PROBLEM TO BE SOLVED: To improve a nut runner to reach a set value of torque more accurately.SOLUTION: A nut runner 1 is provided with a motor 3 for generating torque, a tool holding part which is connected so as to interlock with the motor 3 and transmits the generated torque to a tool, a measurement device 7 which continuously measures at least one measurement amount to determine the torque and transmits a measurement value, and a control device which is connected to the motor 3 and the measurement device 7, and controls operation of the motor 3 for generating the torque which continuously increases after start, to turn off a switch when reaching a set measurement value. The measurement device is a torque sensor 7, and the torque sensor 7 is arranged between the motor 3 and the tool holding part.SELECTED DRAWING: Figure 1

Description

  The present invention includes a motor for generating torque, a tool holding unit connected to the motor so as to interlock with the motor and transmitting the generated torque to the tool, and at least one measurement amount for determining the torque. The measurement device that measures and transmits the measured value, and the motor that is connected to the motor and the measurement device and generates a continuously increasing torque after starting are switched off when the set measured value is reached. It is related with a nut runner provided with a control device to control.

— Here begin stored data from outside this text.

lemma spatial_lam_psi_shifts:
  assumes sp: "spatial S Sb v lam psi phi chi"
  defines "c k \<equiv> \<i>/2 * (psi (k+1) + psi (k-1))"
  shows "lam * psi (n+2) = v (n+2) * (psi (n+3) + psi (n+1)) + bil (S (n+2)) (phi n)
           + c n * bil (S (n+2)) (Sb n) + c (n+1) * Qf S Sb (n+1)
           - c n * bil (S n) (Sb (n+2)) + bil (chi n) (Sb (n+2))"
    and "lam * psi (n+1) = v (n+1) * (psi (n+2) + psi n) + bil (S (n+1)) (phi n)
           + c n * Qf S Sb n - bil (chi n) (Sb (n+1))"
    and "lam * psi n = v n * (psi (n+1) + psi (n-1)) + bil (S n) (phi n) + bil (chi n) (Sb n)"
    and "lam * psi (n-1) = v (n-1) * (psi n + psi (n-2)) + bil (S (n-1)) (phi n)
           - bil (chi n) (Sb (n-1))"
    and "lam * psi (n-2) = v (n-2) * (psi (n-1) + psi (n-3)) + bil (S (n-2)) (phi n)
           - c (n-1) * Qf S Sb (n-2) + bil (chi n) (Sb (n-2))"
proof -
  have lam_psi: "lam * psi k = v k * (psi (k+1) + psi (k-1)) + bil (S k) (phi k) + bil (chi k) (Sb k)" for k
  proof -
    have "v k * (psi (k+1) + psi (k-1)) = lam * psi k - bil (S k) (phi k) - bil (chi k) (Sb k)"
      using sp unfolding spatial_def by blast
    then show ?thesis by (simp add: algebra_simps)
  qed
  note shifts = spatial_phi_chi_shifts[OF sp, of n, folded c_def]
  show "lam * psi (n+2) = v (n+2) * (psi (n+3) + psi (n+1)) + bil (S (n+2)) (phi n)
           + c n * bil (S (n+2)) (Sb n) + c (n+1) * Qf S Sb (n+1)
           - c n * bil (S n) (Sb (n+2)) + bil (chi n) (Sb (n+2))"
    using lam_psi[of "n+2"] unfolding shifts Qf_def bil_linear int_shift_simps by (simp add: algebra_simps)
  show "lam * psi (n+1) = v (n+1) * (psi (n+2) + psi n) + bil (S (n+1)) (phi n)
           + c n * Qf S Sb n - bil (chi n) (Sb (n+1))"
    using lam_psi[of "n+1"] unfolding shifts Qf_def bil_linear int_shift_simps by (simp add: algebra_simps)
  show "lam * psi n = v n * (psi (n+1) + psi (n-1)) + bil (S n) (phi n) + bil (chi n) (Sb n)"
    by (fact lam_psi)
  show "lam * psi (n-1) = v (n-1) * (psi n + psi (n-2)) + bil (S (n-1)) (phi n)
           - bil (chi n) (Sb (n-1))"
    using lam_psi[of "n-1"] unfolding shifts bil_linear int_shift_simps by (simp add: algebra_simps)
  show "lam * psi (n-2) = v (n-2) * (psi (n-1) + psi (n-3)) + bil (S (n-2)) (phi n)
           - c (n-1) * Qf S Sb (n-2) + bil (chi n) (Sb (n-2))"
    using lam_psi[of "n-2"] unfolding shifts Qf_def bil_linear int_shift_simps by (simp add: algebra_simps)
qed

lemma mult_Tpsi_expand:
  "lam * Tpsi S Sb v psi n =
     v n * v (n+1) * (lam * psi (n+2) + lam * psi n) - v n * v (n-1) * (lam * psi n + lam * psi (n-2))
     + \<i>/2 * v n * (Qf S Sb n + Qf S Sb (n-1)) * (lam * psi (n+1) + lam * psi (n-1))"
  unfolding Tpsi_def by (simp add: algebra_simps)

lemma evol_psi_compatibility:
  assumes sp: "spatial S Sb v lam psi phi chi"
  shows "v_evol S Sb v n * (psi (n+1) + psi (n-1)) + v n * (Tpsi S Sb v psi (n+1) + Tpsi S Sb v psi (n-1))
     = lam * Tpsi S Sb v psi n - bil (S_evol S Sb v n) (phi n) - bil (S n) (Tphi S Sb v psi n)
       - bil (Tchi S Sb v psi n) (Sb n) - bil (chi n) (Sb_evol S Sb v n)"
  unfolding mult_Tpsi_expand spatial_lam_psi_shifts[OF sp, of n]
  unfolding v_evol_def S_evol_def Sb_evol_def Tpsi_def Tphi_def Tchi_def Qf_def bil_linear int_shift_simps
  by (simp add: algebra_simps add_divide_distrib diff_divide_distrib power2_eq_square)

primrec iterate_up :: "(int \<Rightarrow> 'a \<Rightarrow> 'a) \<Rightarrow> int \<Rightarrow> 'a \<Rightarrow> nat \<Rightarrow> 'a" where
  "iterate_up F n0 x0 0 = x0"
| "iterate_up F n0 x0 (Suc j) = F (n0 + int j) (iterate_up F n0 x0 j)"

primrec iterate_down :: "(int \<Rightarrow> 'a \<Rightarrow> 'a) \<Rightarrow> int \<Rightarrow> 'a \<Rightarrow> nat \<Rightarrow> 'a" where
  "iterate_down B n0 x0 0 = x0"
| "iterate_down B n0 x0 (Suc j) = B (n0 - int j - 1) (iterate_down B n0 x0 j)"

lemma int_recursion_exists:
  fixes F B :: "int \<Rightarrow> 'a \<Rightarrow> 'a"
  assumes FB: "\<And>k y. F k (B k y) = y"
  shows "\<exists>x. x n0 = x0 \<and> (\<forall>k. x (k+1) = F k (x k))"
proof -
  define x where "x k = (if n0 \<le> k then iterate_up F n0 x0 (nat (k - n0))
                          else iterate_down B n0 x0 (nat (n0 - k)))" for k
  have "x (k+1) = F k (x k)" for k
  proof (cases "n0 \<le> k")
    case True
    then have "nat (k + 1 - n0) = Suc (nat (k - n0))" by simp
    with True show ?thesis by (simp add: x_def)
  next
    case False
    define j where "j = nat (n0 - k - 1)"
    have "nat (n0 - k) = Suc j" and "n0 - int j - 1 = k" and "nat (n0 - (k+1)) = j"
      using False by (simp_all add: j_def)
    then have "x k = B k (iterate_down B n0 x0 j)"
      using False by (simp add: x_def)
    moreover have "x (k+1) = iterate_down B n0 x0 j"
      using False \<open>nat (n0 - (k+1)) = j\<close> by (cases "k + 1 = n0") (simp_all add: x_def j_def)
    ultimately show ?thesis by (simp add: FB)
  qed
  moreover have "x n0 = x0" by (simp add: x_def)
  ultimately show ?thesis by blast
qed

lemma spatial_initial_value:
  fixes S Sb :: "int \<Rightarrow> complex ^ 'm" and v :: "int \<Rightarrow> complex"
  assumes vnz: "\<And>k. v k \<noteq> 0"
  shows "\<exists>psi phi chi. spatial S Sb v lam psi phi chi
           \<and> psi (n-1) = a \<and> psi n = b \<and> phi n = p \<and> chi n = q"
proof -
  define W where "W k p1 ph ch = (lam * p1 - bil (S k) ph - bil ch (Sb k)) / v k" for k p1 ph ch
  define F :: "int \<Rightarrow> complex \<times> complex \<times> (complex^'m) \<times> (complex^'m) \<Rightarrow> complex \<times> complex \<times> (complex^'m) \<times> (complex^'m)"
    where "F k y = (case y of (p0, p1, ph, ch) \<Rightarrow>
       (p1, W k p1 ph ch - p0, ph + (\<i>/2 * W k p1 ph ch) *s Sb k, (\<i>/2 * W k p1 ph ch) *s S k - ch))" for k y
  \<comment> \<open>The backward step is explicit because \<open>bil (S k) (phi k) + bil (chi k) (Sb k)\<close>
     equals \<open>bil (S k) (phi (k+1)) - bil (chi (k+1)) (Sb k)\<close>.\<close>
  define WB where "WB k q0 ph ch = (lam * q0 - bil (S k) ph + bil ch (Sb k)) / v k" for k q0 ph ch
  define B :: "int \<Rightarrow> complex \<times> complex \<times> (complex^'m) \<times> (complex^'m) \<Rightarrow> complex \<times> complex \<times> (complex^'m) \<times> (complex^'m)"
    where "B k y = (case y of (q0, q1, ph, ch) \<Rightarrow>
       (WB k q0 ph ch - q1, q0, ph - (\<i>/2 * WB k q0 ph ch) *s Sb k, (\<i>/2 * WB k q0 ph ch) *s S k - ch))" for k y
  have FB: "F k (B k y) = y" for k y
  proof -
    obtain q0 q1 ph ch where y: "y = (q0, q1, ph, ch)" by (cases y) auto
    define w where "w = WB k q0 ph ch"
    have "lam * q0 - bil (S k) (ph - (\<i>/2 * w) *s Sb k) - bil ((\<i>/2 * w) *s S k - ch) (Sb k)
            = lam * q0 - bil (S k) ph + bil ch (Sb k)"
      by (simp add: bil_linear algebra_simps)
    then have "W k q0 (ph - (\<i>/2 * w) *s Sb k) ((\<i>/2 * w) *s S k - ch) = w"
      by (simp add: W_def WB_def w_def)
    then show ?thesis unfolding y B_def F_def by (simp add: w_def[symmetric])
  qed
  obtain x where x0: "x n = (a, b, p, q)" and xs: "\<forall>k. x (k+1) = F k (x k)"
    using int_recursion_exists[of F B, OF FB] by blast
  define psi where "psi k = fst (snd (x k))" for k
  define phi where "phi k = fst (snd (snd (x k)))" for k
  define chi where "chi k = snd (snd (snd (x k)))" for k
  have fst_x: "fst (x k) = psi (k - 1)" for k
    using xs[rule_format, of "k-1"] by (simp add: psi_def F_def split: prod.splits)
  have step: "psi (k+1) + psi (k-1) = W k (psi k) (phi k) (chi k)
      \<and> phi (k+1) = phi k + (\<i>/2 * W k (psi k) (phi k) (chi k)) *s Sb k
      \<and> chi (k+1) = (\<i>/2 * W k (psi k) (phi k) (chi k)) *s S k - chi k" for k
  proof -
    obtain p0 p1 ph ch where xk: "x k = (p0, p1, ph, ch)" by (cases "x k") auto
    have "p0 = psi (k-1)" using fst_x[of k] xk by simp
    then show ?thesis using xs[rule_format, of k] xk by (simp add: psi_def phi_def chi_def F_def)
  qed
  have "spatial S Sb v lam psi phi chi"
    unfolding spatial_def
  proof (intro allI conjI)
    fix k
    show "v k * (psi (k + 1) + psi (k - 1)) = lam * psi k - bil (S k) (phi k) - bil (chi k) (Sb k)"
      using step[of k] vnz[of k] by (simp add: W_def)
    show "phi (k + 1) - phi k = (\<i> / 2 * (psi (k + 1) + psi (k - 1))) *s Sb k"
      using step[of k] by simp
    show "chi (k + 1) + chi k = (\<i> / 2 * (psi (k + 1) + psi (k - 1))) *s S k"
      using step[of k] by simp
  qed
  moreover have "psi (n-1) = a \<and> psi n = b \<and> phi n = p \<and> chi n = q"
    using fst_x[of n] x0 by (simp add: psi_def phi_def chi_def)
  ultimately show ?thesis by blast
qed

lemma compatible_iff_evolution:
  fixes S Sb S' Sb' :: "int \<Rightarrow> complex ^ 'm" and v v' :: "int \<Rightarrow> complex"
  assumes vnz: "\<And>n. v n \<noteq> 0"
  shows "compatible S Sb v S' Sb' v' \<longleftrightarrow>
           S' = S_evol S Sb v \<and> Sb' = Sb_evol S Sb v \<and> v' = v_evol S Sb v"
proof
  assume comp: "compatible S Sb v S' Sb' v'"
  have "S' n = S_evol S Sb v n \<and> Sb' n = Sb_evol S Sb v n \<and> v' n = v_evol S Sb v n" for n
  proof -
    have "\<exists>psi phi chi. spatial S Sb v 1 psi phi chi
            \<and> psi (n-1) = 0 \<and> psi n = 1 \<and> phi n = 0 \<and> chi n = 0"
      using vnz by (rule spatial_initial_value)
    then obtain psi phi chi where sp: "spatial S Sb v 1 psi phi chi"
      and init: "psi (n-1) = 0" "psi n = 1" "phi n = 0" "chi n = 0"
      by blast
    define u where "u = psi (n+1) + psi (n-1)"
    have "v n * u = 1 * psi n - bil (S n) (phi n) - bil (chi n) (Sb n)"
      using sp unfolding spatial_def u_def by blast
    then have "v n * u = 1" using init by simp
    then have u_nz: "u \<noteq> 0" by auto
    note eqs = comp[unfolded compatible_def Let_def, rule_format, OF sp, of n, folded u_def]
    have S': "S' n = S_evol S Sb v n"
      using eqs evol_chi_compatibility[of S Sb v psi n, folded u_def] u_nz by simp
    have Sb': "Sb' n = Sb_evol S Sb v n"
      using eqs evol_phi_compatibility[of S Sb v psi n, folded u_def] u_nz by simp
    have "v' n * u = v_evol S Sb v n * u"
      using conjunct1[OF eqs] evol_psi_compatibility[OF sp, of n, folded u_def]
      unfolding S' Sb' by (metis mult_1 add_right_cancel)
    with u_nz show ?thesis using S' Sb' by simp
  qed
  then show "S' = S_evol S Sb v \<and> Sb' = Sb_evol S Sb v \<and> v' = v_evol S Sb v"
    by auto
next
  assume "S' = S_evol S Sb v \<and> Sb' = Sb_evol S Sb v \<and> v' = v_evol S Sb v"
  then show "compatible S Sb v S' Sb' v'"
    unfolding compatible_def Let_def
    by (auto simp: evol_psi_compatibility evol_phi_compatibility evol_chi_compatibility)
qed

  The nut runner is used to tighten the nut in the screw connection. In a fully fixed screw connection, the nut must be tightened with the desired or required setpoint torque. The set value of the torque is specified for the control device of the nut runner by a setting device that can be operated by the operator, for example, in the nut runner. When the motor starts, the nut to be tightened is rotated and the tightening torque of the nut increases continuously. The torque setpoint is stored in the control software as a table function based on a reference between the torque setpoint and the motor current. Since the motor current increases as the tightening torque increases, the motor current to be referred to belongs to each set value of the set torque. The motor current is continuously measured with a measuring instrument and sent to the evaluation unit. When the motor current corresponding to the torque setpoint is reached, the control device receives a switch-off signal from the evaluation unit and switches off the motor. Therefore, the torque setting value is also referred to as switch-off torque. The difference between the torque actually reached by the motor switched off by the control device and the set value of the torque can still be relatively large.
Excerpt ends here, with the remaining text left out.